Igbinogun strengthens fight against injustice
If you train a man, you educate an individual. But if you train a woman, you educate a nation.” This African proverb has long been a motivation for inclusive education in the country. Igbinogun, a film written and directed by Ideh Chukwuma Innocent, gives credence to the saying.
The film, which features Shaffy Bello, Akin Lewis, Ehinna Igwe, Blossom Chukwujekwu, Damilare Kuku, Tina Mba and Nwosu Ego, tells the story of a warrior, Ogbemudia (Enyinna Nwigwe), who falls in love with one of the king’s maids, Itohan. She becomes pregnant and Ogbemudia’s only choice is to escape in order to save his lover Itohan and her unborn child. She eventually dies after giving birth to a baby girl called Igbinogun (Damilare Kuku).
The girl grows up to abhor injustice perpetrated by the king and the affluent in the land. Speaking on the film, Innocent said, “it dwells on women empowerment. A girl should be allowed to contribute her quota to change in the society. We need to start giving women more attention and opportunity to express themselves.”
He said, “in the last 10 years, I have been advocating for the right of women and children in the society. I’m more dedicated to that than ever. My last project, Pillars of Africa, also deals with issues affecting women in the society. It’s a story on sex slavery and human trafficking. I also worked with agencies such as The National Agency for the Prohibition of Trafficking in Persons (NAPTIP).
“I have succeeded in helping in arresting sex and human traffickers. Few weeks ago, an Indian woman in Nigeria through our investigation, was arrested for trafficking girls from Nepal to Nigeria. I am so happy that the world is moving from those days when our girls are forced to stay home. Maybe if we elect a female president or vice president in this country, there will be a change. Over the years, men have failed in the area of leadership in Nigeria, so, we need to start giving women the chance.”
He added, “We want to do a film that can stand international market and our plan is to release the film on or after Easter 2021. We left for set on December 2, 2020 and we hope we don’t observe Christmas on location. We will be filming in Owode, Idi-Iroko and there is going to be a lot of computer-generated imagery (CGI).”

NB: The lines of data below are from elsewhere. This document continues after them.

lemma fun_cmodule_span_sum:
  "(\<And>x. x \<in> A \<Longrightarrow> f x \<in> fun_cmodule.span S) \<Longrightarrow> (\<lambda>y. \<Sum>x\<in>A. f x y) \<in> fun_cmodule.span S"
  using fun_cmodule.span_sum[of A f S] by (simp add: sum_fun_apply[abs_def])

lemma span_image_subset:
  assumes "module_hom (\<lambda>(c::complex) (f::'b \<Rightarrow> complex) x. c * f x)
             (\<lambda>(c::complex) (f::'c \<Rightarrow> complex) x. c * f x) L"
    and "L ` S \<subseteq> fun_cmodule.span S'"
  shows "L ` fun_cmodule.span S \<subseteq> fun_cmodule.span S'"
  by (metis assms fun_cmodule.span_minimal fun_cmodule.subspace_span module_hom.span_image)

lemma finite_Theta: "finite (Theta n k :: (nat \<rightharpoonup> 'y::finite) set)"
proof (rule finite_subset)
  show "Theta n k \<subseteq> (\<Union>A\<in>Pow {1..n}. {\<theta> :: nat \<rightharpoonup> 'y. dom \<theta> = A \<and> ran \<theta> \<subseteq> UNIV})"
    unfolding Theta_def by auto
  show "finite (\<Union>A\<in>Pow {1..n}. {\<theta> :: nat \<rightharpoonup> 'y. dom \<theta> = A \<and> ran \<theta> \<subseteq> UNIV})"
    by (intro finite_UN_I finite_set_of_finite_maps) (auto intro: finite_subset)
qed

lemma module_hom_D:
  "module_hom (\<lambda>c f x. c * f x) (\<lambda>c f x. c * f x) (D n k :: ((nat \<rightharpoonup> 'y::finite) \<Rightarrow> complex) \<Rightarrow> _)"
  by (simp add: module_hom_iff fun_cmodule.module_axioms D_def fun_eq_iff
      sum.distrib sum_distrib_left)

lemma module_hom_Dstar:
  "module_hom (\<lambda>c f x. c * f x) (\<lambda>c f x. c * f x) (Dstar n k :: ((nat \<rightharpoonup> 'y::finite) \<Rightarrow> complex) \<Rightarrow> _)"
  by (simp add: module_hom_iff fun_cmodule.module_axioms Dstar_def fun_eq_iff
      sum.distrib sum_distrib_left)

definition tensor :: "nat set \<Rightarrow> (nat \<Rightarrow> 'y \<Rightarrow> complex) \<Rightarrow> (nat \<rightharpoonup> 'y) \<Rightarrow> complex" where
  "tensor A G \<theta> = (if dom \<theta> = A then \<Prod>j\<in>A. G j (the (\<theta> j)) else 0)"

lemma tensor_cong: "(\<And>j. j \<in> A \<Longrightarrow> G j = G' j) \<Longrightarrow> tensor A G = tensor A G'"
  by (auto simp: tensor_def fun_eq_iff intro!: prod.cong)

lemma tensor_upd:
  assumes "finite A" "x \<in> A" "dom \<phi> = A - {x}"
  shows "tensor A G (\<phi>(x \<mapsto> y)) = G x y * tensor (A - {x}) G \<phi>"
proof -
  have "(\<Prod>j\<in>A - {x}. G j (the ((\<phi>(x \<mapsto> y)) j))) = (\<Prod>j\<in>A - {x}. G j (the (\<phi> j)))"
    by (intro prod.cong) auto
  then show ?thesis using assms by (auto simp: tensor_def prod.remove)
qed

lemma card_eq_Suc_superset:
  assumes "finite A" "B \<subseteq> A" "card A = Suc (card B)"
  obtains x where "x \<in> A - B" "A = insert x B"
proof -
  have "card (A - B) = 1" using assms by (simp add: card_Diff_subset finite_subset)
  then obtain x where "A - B = {x}" by (rule card_1_singletonE)
  then show ?thesis using assms(2) that by blast
qed

lemma map_le_eq_restrict: "\<phi> \<subseteq>\<^sub>m \<theta> \<Longrightarrow> \<phi> = \<theta> |` dom \<phi>"
  by (auto simp: map_le_def restrict_map_def fun_eq_iff)

lemma map_le_extensions:
  assumes "x \<in> A" "dom \<phi> = A - {x}"
  shows "{\<theta>. \<phi> \<subseteq>\<^sub>m \<theta> \<and> dom \<theta> = A} = range (\<lambda>y. \<phi>(x \<mapsto> y))"
proof (intro equalityI subsetI)
  fix \<theta> assume "\<theta> \<in> {\<theta>. \<phi> \<subseteq>\<^sub>m \<theta> \<and> dom \<theta> = A}"
  then have le: "\<phi> \<subseteq>\<^sub>m \<theta>" and dom: "dom \<theta> = A" by auto
  then obtain y where "\<theta> x = Some y" using assms(1) by auto
  moreover have "\<theta> j = \<phi> j" if "j \<noteq> x" for j
    using le dom assms(2) that by (cases "j \<in> A") (auto simp: map_le_def)
  ultimately have "\<theta> = \<phi>(x \<mapsto> y)" by auto
  then show "\<theta> \<in> range (\<lambda>y. \<phi>(x \<mapsto> y))" by blast
next
  fix \<theta> assume "\<theta> \<in> range (\<lambda>y. \<phi>(x \<mapsto> y))"
  then obtain y where "\<theta> = \<phi>(x \<mapsto> y)" by blast
  moreover have "insert x (A - {x}) = A" using assms(1) by blast
  ultimately show "\<theta> \<in> {\<theta>. \<phi> \<subseteq>\<^sub>m \<theta> \<and> dom \<theta> = A}"
    using assms(2) by (auto simp: map_le_def)
qed

lemma D_tensor:
  fixes G :: "nat \<Rightarrow> 'y::finite \<Rightarrow> complex"
  assumes A: "A \<subseteq> {1..n}" "card A = k" and k: "1 \<le> k"
  shows "D n k (tensor A G) = (\<lambda>\<phi>. \<Sum>x\<in>A. (\<Sum>y\<in>UNIV. G x y) * tensor (A - {x}) G \<phi>)"
proof
  fix \<phi> :: "nat \<rightharpoonup> 'y"
  have finA: "finite A" using A(1) by (rule finite_subset) simp
  show "D n k (tensor A G) \<phi> = (\<Sum>x\<in>A. (\<Sum>y\<in>UNIV. G x y) * tensor (A - {x}) G \<phi>)"
  proof (cases "\<exists>x\<in>A. dom \<phi> = A - {x}")
    case True
    then obtain x where x: "x \<in> A" and dom: "dom \<phi> = A - {x}" by blast
    have \<phi>: "\<phi> \<in> Theta n (k - 1)" using A finA x dom by (auto simp: Theta_def)
    have "D n k (tensor A G) \<phi> = (\<Sum>\<theta>\<in>{\<theta>\<in>Theta n k. \<phi> \<subseteq>\<^sub>m \<theta>}. tensor A G \<theta>)"
      using \<phi> by (simp add: D_def)
    also have "\<dots> = (\<Sum>\<theta>\<in>{\<theta>. \<phi> \<subseteq>\<^sub>m \<theta> \<and> dom \<theta> = A}. tensor A G \<theta>)"
      using A by (intro sum.mono_neutral_cong_right finite_subset[OF _ finite_Theta])
         (auto simp: Theta_def tensor_def)
    also have "\<dots> = (\<Sum>y\<in>UNIV. tensor A G (\<phi>(x \<mapsto> y)))"
      unfolding map_le_extensions[OF x dom] by (simp add: sum.reindex inj_on_def fun_eq_iff)
    also have "\<dots> = (\<Sum>x'\<in>{x}. (\<Sum>y\<in>UNIV. G x' y) * tensor (A - {x'}) G \<phi>)"
      using tensor_upd[OF finA x dom] by (simp add: sum_distrib_right)
    also have "\<dots> = (\<Sum>x'\<in>A. (\<Sum>y\<in>UNIV. G x' y) * tensor (A - {x'}) G \<phi>)"
      using finA x dom by (intro sum.mono_neutral_left) (auto simp: tensor_def)
    finally show ?thesis .
  next
    case False
    have "tensor A G \<theta> = 0" if "\<phi> \<in> Theta n (k - 1)" "\<phi> \<subseteq>\<^sub>m \<theta>" for \<theta>
    proof (rule ccontr)
      assume "tensor A G \<theta> \<noteq> 0"
      then have "dom \<phi> \<subseteq> A" using that(2) by (auto simp: tensor_def dest: map_le_implies_dom_le split: if_splits)
      moreover have "card A = Suc (card (dom \<phi>))" using that(1) A k by (simp add: Theta_def)
      ultimately obtain x where "x \<in> A - dom \<phi>" "A = insert x (dom \<phi>)"
        by (rule card_eq_Suc_superset[OF finA])
      then show False using False by auto
    qed
    moreover have "tensor (A - {x}) G \<phi> = 0" if "x \<in> A" for x
      using False that by (auto simp: tensor_def)
    ultimately show ?thesis by (simp add: D_def)
  qed
qed

lemma Dstar_tensor:
  fixes G :: "nat \<Rightarrow> 'y::finite \<Rightarrow> complex"
  assumes B: "B \<subseteq> {1..n}" "card B = k - 1" and k: "1 \<le> k"
  shows "Dstar n k (tensor B G) = (\<lambda>\<theta>. \<Sum>x\<in>{1..n} - B. tensor (insert x B) (G(x := \<lambda>_. 1)) \<theta>)"
proof
  fix \<theta> :: "nat \<rightharpoonup> 'y"
  have finB: "finite B" using B(1) by (rule finite_subset) simp
  show "Dstar n k (tensor B G) \<theta> = (\<Sum>x\<in>{1..n} - B. tensor (insert x B) (G(x := \<lambda>_. 1)) \<theta>)"
  proof (cases "\<exists>x\<in>{1..n} - B. dom \<theta> = insert x B")
    case True
    then obtain x where x: "x \<in> {1..n} - B" and dom: "dom \<theta> = insert x B" by blast
    have \<theta>: "\<theta> \<in> Theta n k" using B finB x dom k by (auto simp: Theta_def)
    have restr: "\<theta> |` B \<in> {\<phi>\<in>Theta n (k - 1). \<phi> \<subseteq>\<^sub>m \<theta>}"
      using B dom by (simp add: Theta_def map_le_def Int_absorb1[of B "insert x B"] subset_insertI)
    have "Dstar n k (tensor B G) \<theta> = (\<Sum>\<phi>\<in>{\<phi>\<in>Theta n (k - 1). \<phi> \<subseteq>\<^sub>m \<theta>}. tensor B G \<phi>)"
      using \<theta> by (simp add: Dstar_def)
    also have "\<dots> = (\<Sum>\<phi>\<in>{\<theta> |` B}. tensor B G \<phi>)"
      using restr by (intro sum.mono_neutral_right finite_subset[OF _ finite_Theta])
        (auto simp: tensor_def dest: map_le_eq_restrict)
    also have "\<dots> = tensor B (G(x := \<lambda>_. 1)) (\<theta> |` B)"
      using x by (subst tensor_cong[of B "G(x := \<lambda>_. 1)" G]) auto
    also have "\<dots> = tensor (insert x B) (G(x := \<lambda>_. 1)) ((\<theta> |` B)(x \<mapsto> the (\<theta> x)))"
      using x finB dom tensor_upd[of "insert x B" x "\<theta> |` B" "G(x := \<lambda>_. 1)"] by auto
    also have "(\<theta> |` B)(x \<mapsto> the (\<theta> x)) = \<theta>"
    proof -
      obtain y where "\<theta> x = Some y" using dom by auto
      then show ?thesis using dom by (auto simp: restrict_map_def fun_eq_iff)
    qed
    also have "tensor (insert x B) (G(x := \<lambda>_. 1)) \<theta>
        = (\<Sum>x'\<in>{1..n} - B. tensor (insert x' B) (G(x' := \<lambda>_. 1)) \<theta>)"
      using x dom by (intro sum.mono_neutral_left[of _ "{x}", simplified]) (auto simp: tensor_def)
    finally show ?thesis .
  next
    case False
    have "tensor B G \<phi> = 0" if "\<theta> \<in> Theta n k" "\<phi> \<subseteq>\<^sub>m \<theta>" for \<phi>
    proof (rule ccontr)
      assume "tensor B G \<phi> \<noteq> 0"
      then have "B \<subseteq> dom \<theta>" using that(2) by (auto simp: tensor_def dest: map_le_implies_dom_le split: if_splits)
      moreover have "card (dom \<theta>) = Suc (card B)" "finite (dom \<theta>)" "dom \<theta> \<subseteq> {1..n}"
        using that(1) B k by (auto simp: Theta_def intro: finite_subset)
      ultimately obtain x where "x \<in> dom \<theta> - B" "dom \<theta> = insert x B"
        by (metis card_eq_Suc_superset)
      then show False using False \<open>dom \<theta> \<subseteq> {1..n}\<close> by auto
    qed
    moreover have "tensor (insert x B) (G(x := \<lambda>_. 1)) \<theta> = 0" if "x \<in> {1..n} - B" for x
      using False that by (auto simp: tensor_def)
    ultimately show ?thesis by (simp add: Dstar_def)
  qed
qed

Bello, who plays the role of a queen, said, “this film is going to be a tiny drop in the bucket of lessons we can teach our children, especially in this part of the world where we pay more attention to the male child and treat them to think they are kings, while we teach the girl child to feel she is just a helper. We don’t have to get involved in segregation of the male and female gender. We need one another to survive and when a man who is the head of the household is not there, the woman should take his place, so, we hope young girls will watch this film and say to them, ‘I can do that, I can make a difference’, knowing that kings are selfish about their kingdoms.”